Israel should be charged with war crimes!


----------



## MrJim (Jul 27, 2014)

Honestly, I'm just about to the point where I'd like to see a giant sink hole open up, swallowing the entire country & extending the Mediterranean all the way to the Jordan River & the Dead Sea.

What reason would they have to fight after that?


----------



## kcvet (Jul 27, 2014)

Justme said:


> Israel should be charged with war crimes!



so Hamas is the hero's here??? totally innocent


----------



## Denise1952 (Jul 27, 2014)

Hi Davey,

I think it is strange to say the least, calling a truce for a "holiday".  It almost makes me think it's a "game" not a "war".  I mean, that is what might happen if there is some game scheduled on a holiday, then they realize, so they reschedule the game. That, whole scene reminds me of "The Hatfields and the McCoys" or feuds where folks forget what they are even fighting for, but it's become a way of life (lifestyle) so they continue on.


----------



## kcvet (Jul 27, 2014)

there will NEVER be any peace there until the complete extermination of Hamas takes place


----------



## MrJim (Jul 27, 2014)

Then there will just be another Hamas. Just like the Taliban & all Qaeda, if you get rid of one organization, another one will take it's place. There will be a violent opposition to Israel as long as there is an Israel. The only hope for peace in that region is if someday they just get sick of fighting all the time.


----------



## Pappy (Jul 27, 2014)

Maybe they could get the game Battleships. Each side would try to sink the other sides ships. When the game ends, everyone gets to go home and enjoy life. They, both sides, could meet once a month and winner gets to toss water balloons at the losing side. Makes about as much sense as what they are doing now.


----------



## kcvet (Jul 27, 2014)

MrJim said:


> Then there will just be another Hamas. Just like the Taliban & all Qaeda, if you get rid of one organization, another one will take it's place. There will be a violent opposition to Israel as long as there is an Israel. The only hope for peace in that region is if someday they just get sick of fighting all the time.

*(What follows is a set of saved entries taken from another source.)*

(* Let $n\ge2$, distinct real $a_1,\dots,a_n$, $F(a)=\sum_{k=0}^nA_ka^k=\prod_{i=1}^n(a-a_i)$, signs $\epsilon_i\in\{\pm1\}$, reals $\xi_i$, $\Delta_i=\epsilon_i(a-a_i)$, $x=\sum_i\xi_i\Delta_i^{-1/2}$ on an open interval $I\subset(0,\infty)$ where all $\Delta_i>0$ and $\dot x\ne0$. Let $H=\Pi^2+aP_y^2$, $\Pi=\frac a{\dot x}P_a$, and let $G,Q_1,Q_2,S_1,S_2$ be defined by $$G=\sum_{k=0}^nA_{n-k}H^{n-k}P_y^{2k},\ Q_1=\sum_{k=1}^n\tilde b_kH^{n-k}\Pi P_y^{2k-1},\ Q_2=\sum_{k=1}^n\tilde c_kH^{n-k}P_y^{2k},\ S_1=Q_1+yG,\ S_2=Q_2+yQ_1+\tfrac{y^2}2G,$$ with $\tilde b_k=(-1)^k\sum_i\frac{\xi_i}{\sqrt{\Delta_i}}\sigma^i_{k-1}$ and $\tilde c_k=\frac{(-1)^{k+1}}2\big(\sum_i\frac{\xi_i^2}{\Delta_i}\sigma^i_{k-1}+\sum_{i\ne j}\frac{\xi_i\xi_j}{\sqrt{\Delta_i\Delta_j}}(\sigma^{ij}_{k-1}+a\sigma^{ij}_{k-2})\big)$. Then $$S_1^2-2G\,S_2=A_n^2\sum_{k,l=1}^n\mathcal{Q}_{kl}\,H^{2n-k-l}P_y^{2(k+l)},\qquad \mathcal{Q}_{kl}=(-1)^{k+l+1}\sum_{i=1}^n\epsilon_i\xi_i^2\,\sigma^i_{k-1}\sigma^i_{l-1}.$$
   Context: Symmetric functions: for each $i$, $\sigma^i_m$ ($-1\le m\le n$) by $\prod_{l\neq i}(a-a_l)=\sum_{m=0}^{n-1}(-1)^m\sigma^i_ma^{n-1-m}$ with $\sigma^i_{-1}=\sigma^i_n=0$; for $i\ne j$, $\sigma^{ij}_m$ ($-2\le m\le n$) by $\prod_{l\ne i,j}(a-a_l)=\sum_{m=0}^{n-2}(-1)^m\sigma^{ij}_ma^{n-2-m}$ with $\sigma^{ij}_{-2}=\sigma^{ij}_{-1}=\sigma^{ij}_{n-1}=\sigma^{ij}_n=0$. (Here $A_n=1$.) *)

theory Defs
  imports "HOL-Analysis.Analysis" "HOL-Computational_Algebra.Polynomial"
begin

definition Acoef :: "(nat \<Rightarrow> real) \<Rightarrow> nat \<Rightarrow> nat \<Rightarrow> real" where
  "Acoef al n k = coeff (\<Prod>i\<in>{1..n}. [:- al i, 1:]) k"

text \<open>sigma^i_m: prod_{l<>i}(a-a_l) = sum_{m=0}^{n-1} (-1)^m sigma^i_m a^{n-1-m};
  zero outside 0..n-1 (in particular sigma^i_{-1} = sigma^i_n = 0).\<close>
definition sigma1 :: "(nat \<Rightarrow> real) \<Rightarrow> nat \<Rightarrow> nat \<Rightarrow> int \<Rightarrow> real" where
  "sigma1 al n i m =
     (if 0 \<le> m \<and> m \<le> int n - 1
      then (-1) ^ nat m * coeff (\<Prod>l\<in>{1..n} - {i}. [:- al l, 1:]) (n - 1 - nat m)
      else 0)"

text \<open>sigma^{ij}_m: prod_{l<>i,j}(a-a_l) = sum_{m=0}^{n-2} (-1)^m sigma^{ij}_m a^{n-2-m};
  zero outside 0..n-2.\<close>
definition sigma2 :: "(nat \<Rightarrow> real) \<Rightarrow> nat \<Rightarrow> nat \<Rightarrow> nat \<Rightarrow> int \<Rightarrow> real" where
  "sigma2 al n i j m =
     (if 0 \<le> m \<and> m \<le> int n - 2
      then (-1) ^ nat m * coeff (\<Prod>l\<in>{1..n} - {i, j}. [:- al l, 1:]) (n - 2 - nat m)
      else 0)"

end

theory Submission
  imports Defs
begin

text \<open>
  With \<open>v = P\<^sub>y\<^sup>2\<close>, every sum over \<open>k\<close> in the statement is the homogenised evaluation
  at \<open>(H, v)\<close> of a product of linear factors, because \<open>\<sigma>\<^sup>i\<close> and \<open>\<sigma>\<^sup>i\<^sup>j\<close> are the signed
  coefficients of \<open>F\<^sub>i = \<Prod>\<^sub>l\<^sub>\<noteq>\<^sub>i (a - a\<^sub>l)\<close> and \<open>F\<^sub>i\<^sub>j\<close>: \<open>G = \<Prod>\<^sub>l (H - a\<^sub>l v)\<close>,
  \<open>Q\<^sub>1 = -\<Pi> P\<^sub>y \<Sum>\<^sub>i w\<^sub>i F\<^sub>i\<close> and \<open>2 Q\<^sub>2 = v \<Sum>\<^sub>i w\<^sub>i\<^sup>2 F\<^sub>i + (H - a v) v \<Sum>\<^sub>i\<^sub>\<noteq>\<^sub>j w\<^sub>i w\<^sub>j F\<^sub>i\<^sub>j\<close>
  with \<open>w\<^sub>i = \<xi>\<^sub>i / \<surd>\<Delta>\<^sub>i\<close>. The \<open>y\<close>-terms cancel in \<open>S\<^sub>1\<^sup>2 - 2 G S\<^sub>2\<close>, and the rest follows
  from \<open>\<Pi>\<^sup>2 = H - a v\<close>, \<open>F\<^sub>i F\<^sub>j = G F\<^sub>i\<^sub>j\<close>, \<open>G = (H - a\<^sub>i v) F\<^sub>i\<close> and
  \<open>w\<^sub>i\<^sup>2 (a\<^sub>i - a) = -\<epsilon>\<^sub>i \<xi>\<^sub>i\<^sup>2\<close>. The identity is algebraic in \<open>\<Pi>\<close>: of the hypotheses on \<open>x\<close>
  and \<open>I\<close>, only the positivity of the \<open>\<Delta>\<^sub>i\<close> at \<open>a\<close> is used.
\<close>

lemma degree_prod_linear:
  "finite S \<Longrightarrow> degree (\<Prod>l\<in>S. [:- c l, 1::'a::idom:]) = card S"
  by (subst degree_prod_eq_sum_degree) auto

lemma lead_coeff_prod_linear: "lead_coeff (\<Prod>l\<in>S. [:- c l, 1::'a::idom:]) = 1"
  by (simp add: lead_coeff_prod)
(* For indices $\boldsymbol{k}$ and $\boldsymbol{l}$ (tuples of positive integers), the following holds in $\mathfrak{H}^1[[t]]$: $$\widehat{\phi}(z_{\boldsymbol{k}}ш z_{\boldsymbol{l}})=(-1)^{\mathrm{wt}(\boldsymbol{l})}\sum_{\boldsymbol{l}'\in\mathbb{Z}_{\ge0}^{\mathrm{dep}(\boldsymbol{l})}}b\binom{\boldsymbol{l}}{\boldsymbol{l}'}\,\widehat{\phi}\bigl(z_{\boldsymbol{k}}z_{\overline{\boldsymbol{l}+\boldsymbol{l}'}}\bigr)t^{\mathrm{wt}(\boldsymbol{l}')}.$$ In particular $\phi(z_{\boldsymbol{k}}ш z_{\boldsymbol{l}})=(-1)^{\mathrm{wt}(\boldsymbol{l})}\phi(z_{\boldsymbol{k}}z_{\overline{\boldsymbol{l}}})$.
   Context: $\mathfrak{H}=\mathbb{Q}\langle x,y\rangle$, $\mathfrak{H}^1=\mathbb{Q}+y\mathfrak{H}$, $z_k=yx^{k-1}$, $z_{\boldsymbol{k}}=z_{k_1}\cdots z_{k_r}$, $z_\varnothing=1$. The shuffle product $ш$: $aш1=1шa=a$ and $(a_1u_1)ш(a_2u_2)=(a_1шa_2u_2)u_1+(a_1u_1шa_2)u_2$ for $a_i\in\mathfrak{H}$, $u_i\in\{x,y\}$, extended $\mathbb{Q}[[t]]$-bilinearly. For tuples $\boldsymbol{k}=(k_1,\dots,k_r)$, $\boldsymbol{l}=(l_1,\dots,l_r)$ of nonnegative integers: $\mathrm{wt}(\boldsymbol{k})=\sum k_i$, $\mathrm{dep}(\boldsymbol{k})=r$, $\overline{\boldsymbol{k}}=(k_r,\dots,k_1)$, $\boldsymbol{k}+\boldsymbol{l}$ componentwise, $b\binom{\boldsymbol{k}}{\boldsymbol{l}}=\prod_i\binom{k_i+l_i-1}{l_i}$ with $\binom{l-1}{l}=\delta_{l,0}$, $\boldsymbol{k}_{[i]}=(k_1,\dots,k_i)$, $\boldsymbol{k}^{[i]}=(k_{i+1},\dots,k_r)$. $\widehat{\phi}:\mathfrak{H}^1[[t]]\to\mathfrak{H}^1[[t]]$ is the $\mathbb{Q}[[t]]$-linear map $$\widehat{\phi}(z_{\boldsymbol{k}})=\sum_{i=0}^r(-1)^{\mathrm{wt}(\boldsymbol{k}^{[i]})}z_{\boldsymbol{k}_{[i]}}\,ш\sum_{\boldsymbol{l}\in\mathbb{Z}_{\ge0}^{r-i}}b\binom{\boldsymbol{k}^{[i]}}{\boldsymbol{l}}z_{\overline{\boldsymbol{k}^{[i]}+\boldsymbol{l}}}\,t^{\mathrm{wt}(\boldsymbol{l})},$$ and $\phi:\mathfrak{H}^1\to\mathfrak{H}^1$ is its constant term in $t$ restricted to $\mathfrak{H}^1$, i.e. $\phi(z_{\boldsymbol{k}})=\sum_{i=0}^r(-1)^{\mathrm{wt}(\boldsymbol{k}^{[i]})}z_{\boldsymbol{k}_{[i]}}ш z_{\overline{\boldsymbol{k}^{[i]}}}$. *)

theory Defs
  imports Complex_Main
begin

text \<open>Elements of the free algebra
  H = Q<x,y> are represented by their (finitely supported) coefficient functions
  word => rat; elements of H[[t]] by functions nat => word => rat, where
  F n is the coefficient of t^n.\<close>

datatype letter = X | Y

type_synonym word = "letter list"
type_synonym poly = "word \<Rightarrow> rat"
type_synonym pser = "nat \<Rightarrow> word \<Rightarrow> rat"

text \<open>Shuffle of words (multiset of resulting words, as a list), following the
  recursion (a1 u1) sh (a2 u2) = (a1 sh a2 u2) u1 + (a1 u1 sh a2) u2 on last letters.
  shw_rev works on reversed words.\<close>
fun shw_rev :: "word \<Rightarrow> word \<Rightarrow> word list" where
  "shw_rev [] v = [v]"
| "shw_rev u [] = [u]"
| "shw_rev (a # u) (b # v) =
     map ((#) a) (shw_rev u (b # v)) @ map ((#) b) (shw_rev (a # u) v)"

point taken. after all these inbred buck toothed mongoloid raghead bastards have been killing for over 4 thousand years. its in the blood. will charging Israel with war crimes stop it???


----------



## kcvet (Jul 27, 2014)

*Israeli PM Benjamin Netanyahu vows Israel will do 'whatever is necessary' in fight with Hamas*

Israeli Prime Minister Benjamin Netanyahu on Sunday vowed to do "whatever is necessary" in the country's latest weeks-long battle with Islamic militant group Hamas.
“Hamas has broken five cease-fires,” Netanyahu told "Fox News Sunday.” “They’ve violated their own cease-fires. They are firing on us now. … We’ll do whatever is necessary to achieve our goal of a sustained quiet.”

link

never give up the fight. never

Israel Defense Forces announced Friday that they have successfully eliminated a vital threat from Hamas, killing many Hamas commanders and one top military leader in ground clashes over the past several days.
Israeli ground troops fought Hamas terrorists, hitting a Hamas military command post, as Gaza continued to fire rockets at Israel.

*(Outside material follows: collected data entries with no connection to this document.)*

lemma density_signed_conj:
  assumes "density \<rho>"
  shows "density (signed_conj \<pi> g \<rho>)"
proof -
  have hermitian: "\<rho> x y = cnj (\<rho> y x)" for x y
    using assms unfolding density_def by blast
  have positive: "0 \<le> expect v \<rho>" for v
    using assms unfolding density_def expect_def by blast
  have "trace \<rho> = 1"
    using assms unfolding density_def by blast
  then have "trace (signed_conj \<pi> g \<rho>) = 1"
    by (simp add: trace_signed_conj)
  moreover have "signed_conj \<pi> g \<rho> x y = cnj (signed_conj \<pi> g \<rho> y x)" for x y
    unfolding signed_conj_def hermitian[of "\<pi> x" "\<pi> y"] by (simp add: mult.commute)
  moreover have "0 \<le> expect v (signed_conj \<pi> g \<rho>)" for v
    by (simp add: expect_signed_conj positive)
  ultimately show ?thesis
    unfolding density_def expect_def by blast
qed

context
  fixes \<psi> :: "'a \<Rightarrow> complex"
  assumes eigenvector: "\<And>x. complex_of_real (g x) * \<psi> (\<pi> x) = \<psi> x"
begin

lemma expect_signed_conj_eigenvector: "expect \<psi> (signed_conj \<pi> g A) = expect \<psi> A"
  by (simp add: expect_signed_conj eigenvector)

lemma signed_conj_proj_eigenvector: "signed_conj \<pi> g (proj \<psi>) = proj \<psi>"
proof (intro ext)
  fix x y
  have "signed_conj \<pi> g (proj \<psi>) x y
      = complex_of_real (g x) * \<psi> (\<pi> x) * cnj (complex_of_real (g y) * \<psi> (\<pi> y))"
    by (simp add: signed_conj_def proj_def ac_simps)
  then show "signed_conj \<pi> g (proj \<psi>) x y = proj \<psi> x y"
    by (simp only: eigenvector proj_def)
qed

end

end

lemma signed_involution_lift_snd:
  assumes "signed_involution \<pi> g"
  shows "signed_involution (map_prod id \<pi>) (g \<circ> snd)"
  using assms by (auto simp: signed_involution_def)

(* (X^i Z^j) t s = z_sign j s if t = x_perm i s, and 0 otherwise (for i, j in {0,1} only). *)
definition x_perm :: "nat \<Rightarrow> bool \<Rightarrow> bool" where
  "x_perm i t = (t \<noteq> (i = 1))"

definition z_sign :: "nat \<Rightarrow> bool \<Rightarrow> real" where
  "z_sign j t = (if j = 1 \<and> t then -1 else 1)"

lemma bell_apply:
  assumes "i \<in> {0, 1}" "j \<in> {0, 1}"
  shows "bell i j (r, t) = complex_of_real (z_sign j (x_perm i t)) * phi_plus (r, x_perm i t)"
  using assms
  by (cases r; cases t; auto simp: bell_def mmult_def mid_def pauliX_def pauliZ_def
      x_perm_def z_sign_def UNIV_bool)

Salah Abu Hassanein – top military leader and propaganda minister for Islamic Jihad;
Hafez Mohammad Hamad – top terror commander for Islamic Jihad in the Beit Hanoun (northern Gaza) area who is directly responsible for the rocket fire on Sderot during escalation leading up to Operation Protective Edge;
Hussein Abd al-Qader Muheisin – top terror commander for Islamic Jihad in Sheijaya;
Akram Sha’ar – top terror commander for Islamic Jihad in Khan Younis, who is directly responsible for both rocket fire and terror attacks in Israel;
Mahmoud Ziada – top terror commander for Islamic Jihad in Jabaliya, responsible for upgrading Islamic Jihad’s arsenal and directing fighting against Israel during Operation Protective Edge;
Osama al-Haya – terror leader for Hamas in Sheijaya, whose son is in Hamas’s ‘political wing’;
Muhammad Shaaban – a senior commander of Hamas’s naval forces;
Ahmad Sahmoud – Hamas commander in Khan Younis;
Abdallah Alah’ras – commander in the Hamas’s “military wing,” the Al-Qassam Brigades

not enough virgins


----------



## Bettyann (Jul 27, 2014)

Israel will never back off until every Palestinian is dead...after all its their ENERGY, oil fields they want. And naturally, since its little ol' Israel, the U.S. will let that spoiled brat country do as it pleases.


----------



## Bettyann (Jul 27, 2014)

KCVet...going back...contemplate how many MILIONS AND MILLIONS of people Christians have killed... all in the name of THEIR almighty god!


----------



## kcvet (Jul 27, 2014)

Bettyann said:


> KCVet...going back...contemplate how many MILIONS AND MILLIONS of people Christians have killed... all in the name of THEIR almighty god!



I take it your a Christian and Jew hater ???


----------



## SeaBreeze (Jul 27, 2014)

Bettyann said:


> Israel will never back off until every Palestinian is dead...after all its their ENERGY, oil fields they want. And naturally, since its little ol' Israel, the U.S. will let that spoiled brat country do as it pleases.



It does seem that there's another side to this conflict that isn't reported by the main stream media, and some are of the opinion that Israel is the aggressor and not the victim in this battle.  This is old, but some other thoughts on the problem.

http://electronicintifada.net/conten...rage-task/5037


----------



## Michael. (Jul 28, 2014)

This one arrived this morning.

Israeli Soldiers appear to have released a gas canister in their own vehicle.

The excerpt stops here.